Collegians submit comments opposing BOEM’s inadequate right whale protection strategy

Photo: CFACT Collegians Julia Heath of Liberty University in Virginia (top left), Johnny Uribe of Sam Houston State University in Texas (top right), and Luke Gratz of the University of Pittsburgh in Pennsylvania (bottom left), submit comments to BOEM on the right whale strategy plan.

CFACT Collegians from Virginia, Pennsylvania, Indiana, Washington, D.C., Texas, and Arizona submitted official comments to the Bureau of Ocean Energy Management (BOEM) criticizing BOEM’s North Atlantic Right Whale (NARW) offshore wind (OSW) protection strategy for not doing enough to ensure the survival of the right whale.

Farrell Sessler of Grand Canyon University in Arizona makes her submission.

While usually government agencies give the potential impacts on wildlife far more importance than the benefits of infrastructure or energy projects in making regulations, this time, BOEM and other bureaucracies are turning a blind eye to the plight of the right whale in order to ram through President Biden’s offshore wind agenda.

While BOEM’s policy will impact many projects, CFACT Collegians focused on the impact that Dominion Energy’s Virginia offshore wind project would have on the right whale through this BOEM policy as a case study.

“My name is Julia, and I am a student with CFACT at Liberty University [in Virginia]. The North Atlantic right whale is an endangered species, with only 300 of these whales being left in the world. [Dominion’s] wind turbine project will be built directly in the path of these whales’ migratory path, posing a significant threat to their safety and population,” a submission from CFACT Collegian Julia Heath in Virginia read.

“This wind turbine project will feature 176 turbines, each 700 feet tall with blades longer than a football field,” read another submission by Luke Gratz, a CFACT student at the University of Pittsburgh, Bradford. “A 10 megawatt (MW) turbine causes 180 decibels of sound underwater, which is greater than the NOAA limit of 120 decibels for marine life.”

Johnny Uribe of Sam Houston State University in Texas echoed Luke’s concerns in his submission, writing, “The turbines in this Virginia offshore project will be 14-15 MW, and thus will cause even greater, harmful sound to the whales than a 10 MW turbine.”

Kara Howey of American University proudly displays her submission.

In Washington, D.C., American University student Kara Howey has the same worries as Uribe.
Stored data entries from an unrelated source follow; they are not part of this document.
lemma interlacing_first_index:
  fixes m :: nat
  defines "n \<equiv> LEAST j. V m \<le> D j"
  shows "lam n = m" and "D n = V m" and "\<And>j. j < n \<Longrightarrow> lam j < m"
proof -
  have "V m \<le> D (V m)"
    using strict_mono_imp_increasing[OF D(1)] .
  then have first: "V m \<le> D n"
    unfolding n_def by (rule LeastI)
  show before: "lam j < m" if "j < n" for j
  proof -
    have "D j < V m"
      using not_less_Least[OF that[unfolded n_def]] by simp
    then have "V (lam j) < V m"
      using lower[of j] by linarith
    then show ?thesis
      by (simp add: strict_mono_less[OF V])
  qed
  have "D n \<le> V m"
  proof (cases n)
    case (Suc j)
    then have "Suc (lam j) \<le> m"
      using before[of j] by simp
    then have "V (Suc (lam j)) \<le> V m"
      by (simp add: strict_mono_less_eq[OF V])
    with upper[of j] Suc show ?thesis
      by simp
  qed (simp add: D(2))
  with first show "D n = V m"
    by simp
  have "V (lam n) < V (Suc m)" "V m < V (Suc (lam n))"
    using lower[of n] interlacing_bracket[of n] strict_monoD[OF V, of m "Suc m"] \<open>D n = V m\<close>
    by linarith+
  then show "lam n = m"
    by (simp add: strict_mono_less[OF V])
qed

lemma interlacing_surj: "surj lam"
  using interlacing_first_index(1) by (rule surjI)

lemma interlacing_Least: "D (LEAST n. lam n = m) = V m"
proof -
  have "(LEAST n. lam n = m) = (LEAST j. V m \<le> D j)"
  proof (rule Least_equality)
    show "lam (LEAST j. V m \<le> D j) = m"
      by (rule interlacing_first_index(1))
    show "(LEAST j. V m \<le> D j) \<le> j" if "lam j = m" for j
      using interlacing_first_index(3)[of j m] that by (meson less_irrefl not_le)
  qed
  then show ?thesis
    using interlacing_first_index(2) by simp
qed
lemma abs_Omega_le_trace:
  assumes d: "\<forall>k<p. 0 \<le> d k" and "i < p" "j < p"
  shows "\<bar>Omega E x d i j\<bar> \<le> (\<Sum>l<p. Omega E x d l l)"
proof -
  have "\<bar>Lfull E x d i k * Lfull E x d j k\<bar> \<le> (\<Sum>l<p. (Lfull E x d l k)\<^sup>2)" for k
  proof -
    have "\<bar>Lfull E x d i k * Lfull E x d j k\<bar> \<le> ((Lfull E x d i k)\<^sup>2 + (Lfull E x d j k)\<^sup>2) / 2"
      using sum_squares_bound[of "\<bar>Lfull E x d i k\<bar>" "\<bar>Lfull E x d j k\<bar>"] by (simp add: abs_mult)
    also have "\<dots> \<le> (\<Sum>l<p. (Lfull E x d l k)\<^sup>2)"
      using member_le_sum[of i "{..<p}" "\<lambda>l. (Lfull E x d l k)\<^sup>2"]
        member_le_sum[of j "{..<p}" "\<lambda>l. (Lfull E x d l k)\<^sup>2"] assms(2,3)
      by simp
    finally show ?thesis .
  qed
  then have "\<bar>Omega E x d i j\<bar> \<le> (\<Sum>k<p. d k * (\<Sum>l<p. (Lfull E x d l k)\<^sup>2))"
    unfolding Omega_eq_sum_lessThan[OF assms(2,3)] using d
    by (intro order.trans[OF sum_abs] sum_mono) (simp add: abs_mult mult.commute mult_left_mono)
  then show ?thesis by (simp add: trace_Omega)
qed

lemma pistar_eq:
  "pistar p E U \<delta> x d = (\<Prod>j<p. d j powr ((\<delta> j + 2 * real (nu p E j)) / 2))
      * exp (- (1/2) * (\<Sum>i<p. \<Sum>j<p. U i j * Omega E x d i j))"
  by (simp add: pistar_def Omega_def)

lemma pistar_nonneg: "0 \<le> pistar p E U \<delta> x d"
  by (simp add: pistar_def prod_nonneg)

lemma pistar_pos:
  assumes "\<forall>k<p. 0 < d k"
  shows "0 < pistar p E U \<delta> x d"
proof -
  have "0 < (\<Prod>j<p. d j powr ((\<delta> j + 2 * real (nu p E j)) / 2))"
    using assms by (intro prod_pos) force
  then show ?thesis by (simp add: pistar_eq)
qed

section \<open>Free entries and the envelope\<close>

definition later_nbrs :: "nat \<Rightarrow> (nat \<Rightarrow> nat \<Rightarrow> bool) \<Rightarrow> nat \<Rightarrow> nat set" where
  "later_nbrs p E j = {i. j < i \<and> i < p \<and> E i j}"

lemma finite_later_nbrs [simp]: "finite (later_nbrs p E j)"
  by (simp add: later_nbrs_def)

lemma card_later_nbrs: "card (later_nbrs p E j) = nu p E j"
  by (simp add: later_nbrs_def nu_def)

lemma Lidx_eq_swap_Sigma: "Lidx p E = prod.swap ` (SIGMA j:{..<p}. later_nbrs p E j)"
  by (force simp: Lidx_def later_nbrs_def)

lemma finite_Lidx: "finite (Lidx p E)"
  by (simp add: Lidx_eq_swap_Sigma)

lemma prod_Lidx: "(\<Prod>ij\<in>Lidx p E. g ij) = (\<Prod>j<p. \<Prod>i\<in>later_nbrs p E j. g (i, j))"
  unfolding Lidx_eq_swap_Sigma
  by (subst prod.reindex) (auto simp: prod.Sigma case_prod_unfold prod.swap_def)

text \<open>The part of \<open>tr \<Omega> = \<Sum>\<^sub>j D\<^sub>j \<Sum>\<^sub>i L\<^sub>i\<^sub>j\<^sup>2\<close> coming from the unit diagonal of \<open>L\<close> and the
  independent entries \<open>L\<^sub>I\<close>.\<close>
definition indep_trace :: "nat \<Rightarrow> (nat \<Rightarrow> nat \<Rightarrow> bool) \<Rightarrow> (nat \<times> nat \<Rightarrow> real) \<Rightarrow> (nat \<Rightarrow> real) \<Rightarrow> real" where
  "indep_trace p E x d = (\<Sum>j<p. d j * (1 + (\<Sum>i\<in>later_nbrs p E j. (x (i, j))\<^sup>2)))"

definition envelope ::
    "nat \<Rightarrow> (nat \<Rightarrow> nat \<Rightarrow> bool) \<Rightarrow> (nat \<Rightarrow> real) \<Rightarrow> real \<Rightarrow> (nat \<times> nat \<Rightarrow> real) \<Rightarrow> (nat \<Rightarrow> real) \<Rightarrow> real" where
  "envelope p E a c x d = (\<Prod>j<p. d j powr a j) * exp (- c * indep_trace p E x d)"

lemma indep_trace_le_trace_Omega:
  assumes d: "\<forall>k<p. 0 \<le> d k"
  shows "indep_trace p E x d \<le> (\<Sum>i<p. Omega E x d i i)"
  unfolding indep_trace_def trace_Omega
proof (rule sum_mono)
  fix k assume k: "k \<in> {..<p}"
  have "1 + (\<Sum>i\<in>later_nbrs p E k. (x (i, k))\<^sup>2) = (\<Sum>i\<in>insert k (later_nbrs p E k). (Lfull E x d i k)\<^sup>2)"
    by (simp add: later_nbrs_def Lfull_edge)
  also have "\<dots> \<le> (\<Sum>i<p. (Lfull E x d i k)\<^sup>2)"
    using k by (intro sum_mono2) (auto simp: later_nbrs_def)
  finally show "d k * (1 + (\<Sum>i\<in>later_nbrs p E k. (x (i, k))\<^sup>2)) \<le> d k * (\<Sum>i<p. (Lfull E x d i k)\<^sup>2)"
    using d k by (intro mult_left_mono) auto
qed

lemma envelope_Dpos_factor:
  "ennreal (envelope p E a c x d) * indicator (Dpos p) (x, d)
    = (\<Prod>j<p. ennreal (indicator {0<..} (d j) * d j powr a j * exp (- c * d j)))
      * (\<Prod>ij\<in>Lidx p E. ennreal (exp (- (c * d (snd ij)) * (x ij)\<^sup>2)))"
proof (cases "\<forall>j<p. 0 < d j")
  case True
  have "exp (- c * indep_trace p E x d)
      = (\<Prod>j<p. exp (- c * d j) * (\<Prod>i\<in>later_nbrs p E j. exp (- (c * d j) * (x (i, j))\<^sup>2)))"
    by (simp add: indep_trace_def sum_distrib_left sum.distrib exp_add exp_sum prod.distrib algebra_simps)
  also have "\<dots> = (\<Prod>j<p. exp (- c * d j)) * (\<Prod>ij\<in>Lidx p E. exp (- (c * d (snd ij)) * (x ij)\<^sup>2))"
    by (simp add: prod.distrib prod_Lidx)
  finally show ?thesis
    using True
    by (simp add: envelope_def Dpos_def prod.distrib prod_nonneg ennreal_mult'' prod_ennreal mult.assoc)
next
  case False
  then obtain k where "k < p" "\<not> 0 < d k" by auto
  then have "(\<Prod>j<p. ennreal (indicator {0<..} (d j) * d j powr a j * exp (- c * d j))) = 0"
    by (intro prod_zero bexI[of _ k]) auto
  with False show ?thesis by (simp add: Dpos_def)
qed

lemma Lfull_measurable:
  "i < p \<Longrightarrow> (\<lambda>z. Lfull E (fst z) (snd z) i j) \<in> borel_measurable (coord_measure p E)"
proof (induction j arbitrary: i rule: less_induct)
  case (less j)
  consider "i \<le> j" | "j < i" "E i j" | "j < i" "\<not> E i j" by linarith
  then show ?case
  proof cases
    case 1
    then have "(\<lambda>z. Lfull E (fst z) (snd z) i j) = (\<lambda>z. if i = j then 1 else 0)"
      by (auto simp: le_less)
    then show ?thesis by simp
  next
    case 2
    then have "(i, j) \<in> Lidx p E" using less.prems by (simp add: Lidx_def)
    then show ?thesis using 2 by (simp add: Lfull_edge coord_measure_def)
  next
    case 3
    then have "j < p" using less.prems by simp
    have "(\<lambda>z. Lfull E (fst z) (snd z) i j)
        = (\<lambda>z. - (\<Sum>k<j. Lfull E (fst z) (snd z) i k * Lfull E (fst z) (snd z) j k * snd z k) / snd z j)"
      using 3 by (intro ext, subst Lfull.simps) auto
    moreover have "(\<lambda>z. snd z k) \<in> borel_measurable (coord_measure p E)" if "k \<le> j" for k
      using that \<open>j < p\<close> by (simp add: coord_measure_def)
    ultimately show ?thesis
      using less.IH less.prems \<open>j < p\<close> by simp
  qed
qed

lemma pistar_measurable:
  "(\<lambda>z. pistar p E U \<delta> (fst z) (snd z)) \<in> borel_measurable (coord_measure p E)"
proof -
  have "(\<lambda>z. snd z k) \<in> borel_measurable (coord_measure p E)" if "k < p" for k
    using that by (simp add: coord_measure_def)
  then show ?thesis
    unfolding pistar_def
    by (intro borel_measurable_times borel_measurable_prod measurable_compose[OF _ borel_measurable_exp]
        borel_measurable_sum borel_measurable_const powr_real_measurable Lfull_measurable) auto
qed

lemma envelope_measurable:
  "(\<lambda>z. envelope p E a c (fst z) (snd z)) \<in> borel_measurable (coord_measure p E)"
proof -
  have "(\<lambda>z. snd z k) \<in> borel_measurable (coord_measure p E)" if "k < p" for k
    using that by (simp add: coord_measure_def)
  moreover have "(\<lambda>z. fst z (i, k)) \<in> borel_measurable (coord_measure p E)"
    if "i \<in> later_nbrs p E k" for i k
    using that by (simp add: coord_measure_def Lidx_def later_nbrs_def)
  ultimately show ?thesis
    unfolding envelope_def indep_trace_def by simp
qed

lemma Dpos_Int_space:
  "Dpos p \<inter> space (coord_measure p E) = (\<Pi>\<^sub>E ij\<in>Lidx p E. UNIV) \<times> (\<Pi>\<^sub>E k\<in>{..<p}. {0<..})"
  by (auto simp: Dpos_def coord_measure_def space_pair_measure space_PiM PiE_def Pi_def)

lemma sets_Dpos: "Dpos p \<inter> space (coord_measure p E) \<in> sets (coord_measure p E)"
  unfolding Dpos_Int_space by (unfold coord_measure_def, intro pair_measureI sets_PiM_I_finite)
    (auto simp: finite_Lidx)

lemma indicator_Dpos_measurable:
  "(indicator (Dpos p) :: _ \<Rightarrow> ennreal) \<in> borel_measurable (coord_measure p E)"
  using sets_Dpos by (simp add: borel_measurable_indicator_iff)

lemma emeasure_Dpos_nonzero: "emeasure (coord_measure p E) (Dpos p \<inter> space (coord_measure p E)) \<noteq> 0"
proof -
  interpret P1: product_sigma_finite "\<lambda>_ :: nat \<times> nat. lborel :: real measure" by unfold_locales
  interpret P2: product_sigma_finite "\<lambda>_ :: nat. lborel :: real measure" by unfold_locales
  interpret sigma_finite_measure "Pi\<^sub>M {..<p} (\<lambda>_. lborel :: real measure)"
    by (rule P2.sigma_finite) simp
  have "emeasure (coord_measure p E) (Dpos p \<inter> space (coord_measure p E))
      = (\<Prod>ij\<in>Lidx p E. emeasure lborel (UNIV :: real set)) * (\<Prod>k<p. emeasure lborel {0::real<..})"
    unfolding Dpos_Int_space
    by (unfold coord_measure_def, simp add: emeasure_pair_measure_Times sets_PiM_I_finite finite_Lidx
        P1.emeasure_PiM P2.emeasure_PiM)
  moreover have "emeasure lborel {0::real<..} \<noteq> 0"
    using emeasure_mono[of "{0::real<..<1}" "{0<..}" lborel] by (auto simp: subset_eq)
  ultimately show ?thesis by (simp add: finite_Lidx)
qed

lemma pistar_Dpos_measurable:
  "(\<lambda>z. ennreal (pistar p E U \<delta> (fst z) (snd z)) * indicator (Dpos p) z)
    \<in> borel_measurable (coord_measure p E)"
  by (intro borel_measurable_times_ennreal measurable_compose[OF pistar_measurable measurable_ennreal]
      indicator_Dpos_measurable)

lemma envelope_Dpos_measurable:
  "(\<lambda>z. ennreal (envelope p E a c (fst z) (snd z)) * indicator (Dpos p) z)
    \<in> borel_measurable (coord_measure p E)"
  by (intro borel_measurable_times_ennreal measurable_compose[OF envelope_measurable measurable_ennreal]
      indicator_Dpos_measurable)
Howey informs, “This harmful sound will force the whales to migrate around the turbine project area, pushing them into busy shipping lane traffic on either side, greatly increasing the chance of whale to boat collision fatalities.”

The Biden Administration has made it a top priority to transition to “renewable” energy, and offshore wind turbines are a major part of that strategy. Achieving this goal is such a high priority for the president that executive agencies are ignoring the real, obvious threat such massive wind turbines would have to marine life such as the endangered right whale. Federal bureaucracies like BOEM are rubber stamping environmental reviews to push “green” energy no matter the cost.

Kyle Reynolds of Indiana University, Bloomington submits his comments to BOEM.

“This [turbine] sound will also cause the Right Whales to go around the turbines and straight into the higher traffic shipping lane, which will cause even more deaths due to collisions,” wrote Farrell Sessler of Grand Canyon University in Arizona. “There may also be collisions due to servicing boats that attend to the turbines. In addition, based on the case of Maine Lobstermen’s Assoc. v. NMFS, any activity that causes harm to the North Atlantic Right Whale is prohibited based on the NMFS’ determination that even causing a single Right Whale death is unallowable. Are these risks and deaths worth the outcome? I beg you to listen and change your mind.”

“I am opposed to the proposed wind turbine project off the Virginia coast because there does not seem to be a compelling rationale for the project that justifies the potential danger it poses to the North Atlantic Right Whale, an endangered species,” said Kyle Reynolds of Indiana University, Bloomington. “To quote the National Marine Fisheries Service ‘for the [Right Whale] species to recover, the population cannot sustain, over the course of a year, the death or injury of a single individual due to human causes.’ And, it is more than plausible that this project will cause such injury to North Atlantic Right Whales.”

The issue of the right whale, BOEM’s Strategy plan, and the status of Dominion Energy’s massive Virginia offshore wind project are all in flux. CFACT, along with the Heartland Institute and the American Coalition for Ocean Protection have formed a coalition that has retained legal counsel to advise on the government’s decisions regarding the environmental impact of Dominion’s wind project, and are ready to pursue litigation if such action would become necessary.